How can one expand a parameter when the parameter is an array?

If the parameter is a simple variable, we can do an indirection using an exclamation point.

single_fruit()
{
    if [ "$#" != 1 ]; then exit 1; fi
    echo ${!1}
}

MYVAR=Persimmon
single_fruit MYVAR

I'd like to do the same on an array parameter.
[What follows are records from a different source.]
lemma sum_character:
  "(\<Sum>j\<in>GA m. character m zeta e j)
   = (if \<forall>l<length m. int (m ! l) dvd e l then of_nat (prod_list m) else 0)"
proof -
  have "(\<Sum>j\<in>GA m. character m zeta e j)
      = (\<Prod>l<length m. \<Sum>t<m ! l. zeta l powi (int t * e l))"
    unfolding character_def zeta_prod_def by (rule sum_GA_prod_nth)
  also have "\<dots> = (\<Prod>l<length m. if int (m ! l) dvd e l then of_nat (m ! l) else 0)"
    by (intro prod.cong refl sum_power_int_primitive_root zeta_root modulus_pos zeta_primitive) auto
  also have "\<dots> = (if \<forall>l<length m. int (m ! l) dvd e l then of_nat (prod_list m) else 0)"
    by (auto simp: prod.list_conv_set_nth atLeast0LessThan intro: prod_zero)
  finally show ?thesis .
qed

lemma sum_character_diff:
  assumes "\<kappa> \<in> GA m" "\<kappa>' \<in> GA m"
  shows "(\<Sum>j\<in>GA m. character m zeta (\<lambda>l. int (\<kappa>' ! l) - int (\<kappa> ! l)) j)
       = (if \<kappa> = \<kappa>' then of_nat (prod_list m) else 0)"
proof -
  have "int (m ! l) dvd int (\<kappa>' ! l) - int (\<kappa> ! l) \<longleftrightarrow> \<kappa> ! l = \<kappa>' ! l" if "l < length m" for l
  proof
    assume dvd: "int (m ! l) dvd int (\<kappa>' ! l) - int (\<kappa> ! l)"
    have "\<kappa> ! l < m ! l" "\<kappa>' ! l < m ! l" using assms that by (auto simp: GA_def)
    then have "\<bar>int (\<kappa>' ! l) - int (\<kappa> ! l)\<bar> < int (m ! l)" by (simp add: abs_less_iff)
    with dvd have "int (\<kappa>' ! l) - int (\<kappa> ! l) = 0"
      using zdvd_imp_le[of "int (m ! l)" "\<bar>int (\<kappa>' ! l) - int (\<kappa> ! l)\<bar>"] by fastforce
    then show "\<kappa> ! l = \<kappa>' ! l" by simp
  qed simp
  then have "(\<forall>l<length m. int (m ! l) dvd int (\<kappa>' ! l) - int (\<kappa> ! l)) \<longleftrightarrow> \<kappa> = \<kappa>'"
    using assms by (auto simp: GA_def list_eq_iff_nth_eq)
  then show ?thesis by (simp add: sum_character)
qed

definition inv_two :: "nat \<Rightarrow> int" where
  "inv_two l = int ((m ! l + 1) div 2)"

text \<open>\<open>pair_point k k'\<close> is the unique \<open>j\<close> with \<open>j + k' = -(j + k) - 1\<close>, and \<open>cross_term\<close> is
  the value of the character \<open>\<kappa>' - \<kappa>\<close> there; the Gram matrix is \<open>|m| I - cross_term\<close>.\<close>

definition pair_point :: "nat list \<Rightarrow> nat list \<Rightarrow> nat list" where
  "pair_point k k' =
     map (\<lambda>l. nat ((inv_two l * (- 1 - int (k ! l) - int (k' ! l))) mod int (m ! l))) [0..<length m]"

lemma pair_point_in_GA: "pair_point k k' \<in> GA m"
  using modulus_pos by (auto simp: GA_def pair_point_def nat_less_iff)

lemma ga_add_eq_neg_minus_one_iff:
  assumes j: "j \<in> GA m"
  shows "ga_add m j k' = ga_neg_minus_one m (ga_add m j k) \<longleftrightarrow> j = pair_point k k'"
proof -
  have "ga_add m j k' ! l = ga_neg_minus_one m (ga_add m j k) ! l \<longleftrightarrow> j ! l = pair_point k k' ! l"
    if l: "l < length m" for l
  proof -
    have "ga_neg_minus_one m (ga_add m j k) ! l = m ! l - 1 - ga_add m j k ! l"
      using nth_ga_neg_minus_one[OF ga_add_in_GA l] modulus_pos by blast
    moreover have "j ! l < m ! l" using j l by (auto simp: GA_def)
    ultimately show ?thesis
      using add_mod_eq_complement_iff[OF odd_modulus[OF l], of "j ! l" "k' ! l" "k ! l"] l
      by (simp add: nth_ga_add pair_point_def inv_two_def)
  qed
  then show ?thesis
    using j pair_point_in_GA[of k k'] by (auto simp: GA_def list_eq_iff_nth_eq)
qed

definition cross_term :: "nat list \<times> nat list \<Rightarrow> nat list \<times> nat list \<Rightarrow> complex" where
  "cross_term x y = (case x of (k, \<kappa>) \<Rightarrow> case y of (k', \<kappa>') \<Rightarrow>
     zeta_prod m zeta (\<lambda>l. inv_two l * (- 1 - int (k ! l) - int (k' ! l)) * (int (\<kappa>' ! l) - int (\<kappa> ! l))))"

lemma character_pair_point:
  "character m zeta (\<lambda>l. int (\<kappa>' ! l) - int (\<kappa> ! l)) (pair_point k k') = cross_term (k, \<kappa>) (k', \<kappa>')"
  unfolding character_def cross_term_def prod.case
  by (rule zeta_prod_cong_mod) (simp add: pair_point_def mod_mult_left_eq modulus_pos)

lemma inner_gabor_steiner_fibre:
  assumes "j \<in> GA m" "k \<in> GA m" "k' \<in> GA m"
  shows "(\<Sum>i\<in>Iset m. cnj (gabor_steiner m zeta (k, \<kappa>) (i, j)) * gabor_steiner m zeta (k', \<kappa>') (i, j))
       = character m zeta (\<lambda>l. int (\<kappa>' ! l) - int (\<kappa> ! l)) j
         * ((if k = k' then 1 else 0) - (if j = pair_point k k' then 1 else 0))"
proof -
  have pos: "\<forall>l<length m. 0 < m ! l" using modulus_pos by blast
  have "cnj (phi_vec m i a) = phi_vec m i a" for i a by (simp add: phi_vec_def)
  then have "(\<Sum>i\<in>Iset m. cnj (gabor_steiner m zeta (k, \<kappa>) (i, j)) * gabor_steiner m zeta (k', \<kappa>') (i, j))
      = character m zeta (\<lambda>l. int (\<kappa>' ! l) - int (\<kappa> ! l)) j
        * (\<Sum>i\<in>Iset m. phi_vec m i (ga_add m j k) * phi_vec m i (ga_add m j k'))"
    using assms(1)
    by (simp add: gabor_steiner_eq[OF pos] sum_distrib_left algebra_simps
        flip: cnj_character_mult)
  also have "(\<Sum>i\<in>Iset m. phi_vec m i (ga_add m j k) * phi_vec m i (ga_add m j k'))
      = (if k = k' then 1 else 0) - (if j = pair_point k k' then 1 else 0)"
    using sum_Iset_phi_vec[OF odd_card ga_add_in_GA[OF pos] ga_add_in_GA[OF pos]]
      ga_add_left_cancel[OF assms(2,3)] ga_add_eq_neg_minus_one_iff[OF assms(1)] by simp
  finally show ?thesis .
qed

lemma inner_gabor_steiner:
  assumes "x \<in> GA m \<times> GA m" "y \<in> GA m \<times> GA m"
  shows "cip (gs_coords m) (gabor_steiner m zeta x) (gabor_steiner m zeta y)
       = (if x = y then of_nat (prod_list m) else 0) - cross_term x y"
proof -
  obtain k \<kappa> k' \<kappa>' where xy: "x = (k, \<kappa>)" "y = (k', \<kappa>')"
    and GA: "k \<in> GA m" "\<kappa> \<in> GA m" "k' \<in> GA m" "\<kappa>' \<in> GA m"
    using assms by auto
  let ?\<chi> = "character m zeta (\<lambda>l. int (\<kappa>' ! l) - int (\<kappa> ! l))"
  have "cip (gs_coords m) (gabor_steiner m zeta x) (gabor_steiner m zeta y)
      = (\<Sum>i\<in>Iset m. \<Sum>j\<in>GA m. cnj (gabor_steiner m zeta x (i, j)) * gabor_steiner m zeta y (i, j))"
    unfolding cip_def gs_coords_def by (simp add: sum.cartesian_product)
  also have "\<dots> = (\<Sum>j\<in>GA m. \<Sum>i\<in>Iset m. cnj (gabor_steiner m zeta x (i, j)) * gabor_steiner m zeta y (i, j))"
    by (rule sum.swap)
  also have "\<dots> = (\<Sum>j\<in>GA m. ?\<chi> j * ((if k = k' then 1 else 0) - (if j = pair_point k k' then 1 else 0)))"
    unfolding xy using GA by (intro sum.cong refl inner_gabor_steiner_fibre) auto
  also have "\<dots> = (\<Sum>j\<in>GA m. ?\<chi> j * (if k = k' then 1 else 0))
                    - (\<Sum>j\<in>GA m. ?\<chi> j * (if j = pair_point k k' then 1 else 0))"
    by (simp only: right_diff_distrib sum_subtractf)
  also have "\<dots> = (if k = k' then \<Sum>j\<in>GA m. ?\<chi> j else 0) - ?\<chi> (pair_point k k')"
    using finite_GA pair_point_in_GA by (cases "k = k'") (simp_all add: mult_if_delta)
  also have "\<dots> = (if x = y then of_nat (prod_list m) else 0) - cross_term x y"
    unfolding xy sum_character_diff[OF GA(2,4)] character_pair_point by simp
  finally show ?thesis .
qed

lemma cross_term_diag: "cross_term x x = 1"
  by (simp add: cross_term_def zeta_prod_def split: prod.split)

lemma norm_cross_term: "norm (cross_term x y) = 1"
  by (simp add: cross_term_def norm_zeta_prod split: prod.split)

lemma cnj_cross_term: "cnj (cross_term x y) = cross_term y x"
proof -
  obtain k \<kappa> k' \<kappa>' where xy: "x = (k, \<kappa>)" "y = (k', \<kappa>')" by fastforce
  show ?thesis
    unfolding xy cross_term_def prod.case cnj_zeta_prod
    by (intro arg_cong[where f="zeta_prod m zeta"]) (simp add: fun_eq_iff algebra_simps)
qed

lemma cross_term_cocycle:
  "cross_term origin (k, \<kappa>) * cross_term (k, \<kappa>) (k', \<kappa>') * cross_term (k', \<kappa>') origin
   = zeta_prod m zeta (\<lambda>l. inv_two l * (int (\<kappa> ! l) * int (k' ! l) - int (\<kappa>' ! l) * int (k ! l)))"
  unfolding cross_term_def prod.case zeta_prod_mult
  by (rule zeta_prod_cong_mod) (simp add: nth_ga_zero algebra_simps)

lemma cross_term_mult_swap: "cross_term x y * cross_term y x = 1"
  using norm_cross_term[of x y] complex_norm_square[of "cross_term x y"] cnj_cross_term[of x y]
  by simp

lemma Sbar_eq_zeta_prod:
  assumes "(k, \<kappa>) \<noteq> (k', \<kappa>')" "(k, \<kappa>) \<noteq> origin" "(k', \<kappa>') \<noteq> origin"
  shows "Sbar m zeta (k, \<kappa>) (k', \<kappa>')
       = - zeta_prod m zeta (\<lambda>l. inv_two l * (int (\<kappa> ! l) * int (k' ! l) - int (\<kappa>' ! l) * int (k ! l)))"
proof -
  have "Sbar m zeta (k, \<kappa>) (k', \<kappa>') = - (\<Prod>l<length m. zeta l ^ nat ((inv_two l *
          (int (\<kappa> ! l) * int (k' ! l) - int (\<kappa>' ! l) * int (k ! l))) mod int (m ! l)))"
    using assms unfolding Sbar_def Let_def inv_two_def by simp
  then show ?thesis
    unfolding zeta_prod_def by (simp add: power_nat_mod_root_unity[OF zeta_root modulus_pos])
qed

definition normalizing_phase :: "nat list \<times> nat list \<Rightarrow> complex" where
  "normalizing_phase x = (if x = origin then 1 else - cross_term x origin)"

lemma norm_normalizing_phase: "norm (normalizing_phase x) = 1"
  by (simp add: normalizing_phase_def norm_cross_term)

lemma Sbar_off_diagonal:
  assumes x: "x \<in> GA m \<times> GA m" and y: "y \<in> GA m \<times> GA m" and "x \<noteq> y"
  shows "Sbar m zeta x y = cnj (normalizing_phase x) * normalizing_phase y
           * cip (gs_coords m) (gabor_steiner m zeta x) (gabor_steiner m zeta y)"
proof -
  have "cnj (normalizing_phase x) * normalizing_phase y
          * cip (gs_coords m) (gabor_steiner m zeta x) (gabor_steiner m zeta y)
      = (if x = origin then 1 else - cross_term origin x) * (if y = origin then 1 else - cross_term y origin)
          * - cross_term x y"
    using inner_gabor_steiner[OF x y] \<open>x \<noteq> y\<close> by (simp add: normalizing_phase_def cnj_cross_term)
  also have "\<dots> = Sbar m zeta x y"
  proof -
    obtain k \<kappa> k' \<kappa>' where xy: "x = (k, \<kappa>)" "y = (k', \<kappa>')" by fastforce
    consider (first_row) "x = origin" | (first_column) "y = origin"
      | (generic) "x \<noteq> origin" "y \<noteq> origin" by blast
    then show ?thesis
    proof cases
      case first_row
      then show ?thesis using \<open>x \<noteq> y\<close> cross_term_mult_swap[of origin y]
        by (simp add: Sbar_def mult.commute)
    next
      case first_column
      then show ?thesis using \<open>x \<noteq> y\<close> cross_term_mult_swap[of x origin]
        by (simp add: Sbar_def mult.commute)
    next
      case generic
      then have "(if x = origin then 1 else - cross_term origin x)
            * (if y = origin then 1 else - cross_term y origin) * - cross_term x y
          = - (cross_term origin x * cross_term x y * cross_term y origin)"
        by (simp add: algebra_simps)
      also have "\<dots> = Sbar m zeta x y"
        using generic \<open>x \<noteq> y\<close> unfolding xy cross_term_cocycle by (simp add: Sbar_eq_zeta_prod)
      finally show ?thesis .
    qed
  qed
  finally show ?thesis ..
qed

theorem normalized_signature_matrix_Sbar:
  "is_normalized_signature_matrix (gs_coords m) (GA m \<times> GA m) origin (gabor_steiner m zeta) (Sbar m zeta)"
proof (rule is_normalized_signature_matrixI[where c = normalizing_phase])
  have "prod_list m \<ge> 1" using odd_card by (cases "prod_list m") auto
  then show "sqrt (real (prod_list m) - 1) \<ge> 0" by simp
  fix x assume x: "x \<in> GA m \<times> GA m"
  show "cmod (normalizing_phase x) = 1" by (rule norm_normalizing_phase)
  show "cip (gs_coords m) (gabor_steiner m zeta x) (gabor_steiner m zeta x)
      = complex_of_real ((sqrt (real (prod_list m) - 1))\<^sup>2)"
    using inner_gabor_steiner[OF x x] \<open>prod_list m \<ge> 1\<close> by (simp add: cross_term_diag of_nat_diff)
  fix y assume y: "y \<in> GA m \<times> GA m"
  show "cmod (cip (gs_coords m) (gabor_steiner m zeta x) (gabor_steiner m zeta y)) = 1" if "x \<noteq> y"
    using inner_gabor_steiner[OF x y] that by (simp add: norm_cross_term)
  show "Sbar m zeta x y = (if x = y then 0 else cnj (normalizing_phase x) * normalizing_phase y
           * cip (gs_coords m) (gabor_steiner m zeta x) (gabor_steiner m zeta y))"
    using Sbar_off_diagonal[OF x y] by (simp add: Sbar_def)
next
  show "Sbar m zeta origin x = 1 \<and> Sbar m zeta x origin = 1" if "x \<noteq> origin" for x
    using that by (simp add: Sbar_def)
qed

end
Rather than iterate over the elements of an array directly:

FRUIT=(Papaya Pineapple)
for f in ${FRUIT[@]}
do
    echo ${f}
done

I'd like to iterate within a function:

multi_fruit()
{
    if [ "$#" != 1 ]; then exit 1; fi
    PARAMETER=${1}
    for i in ${!PARAMETER[@]}
    do
        echo ${i}
    done
}

MOREFRUITS=(Mango Melon)
multi_fruit MOREFRUITS

Can you make this last function iterate over the array elements?

like image 804
Calaf Avatar asked Feb 14 '23 08:02

Calaf


1 Answers

You can do it, but in an unexpected way: the placeholder var needs to include the array index:

multi_fruit() { 
    (( $# != 1 )) && return 1
    tmp="${1}[@]"
    for i in "${!tmp}"; do
        echo "$i"
    done
}

Also, it's a bad idea to use only uppercase variable names. One day you'll accidentally overwrite PATH and wonder why your script is broken. Leave uppercase vars to the system.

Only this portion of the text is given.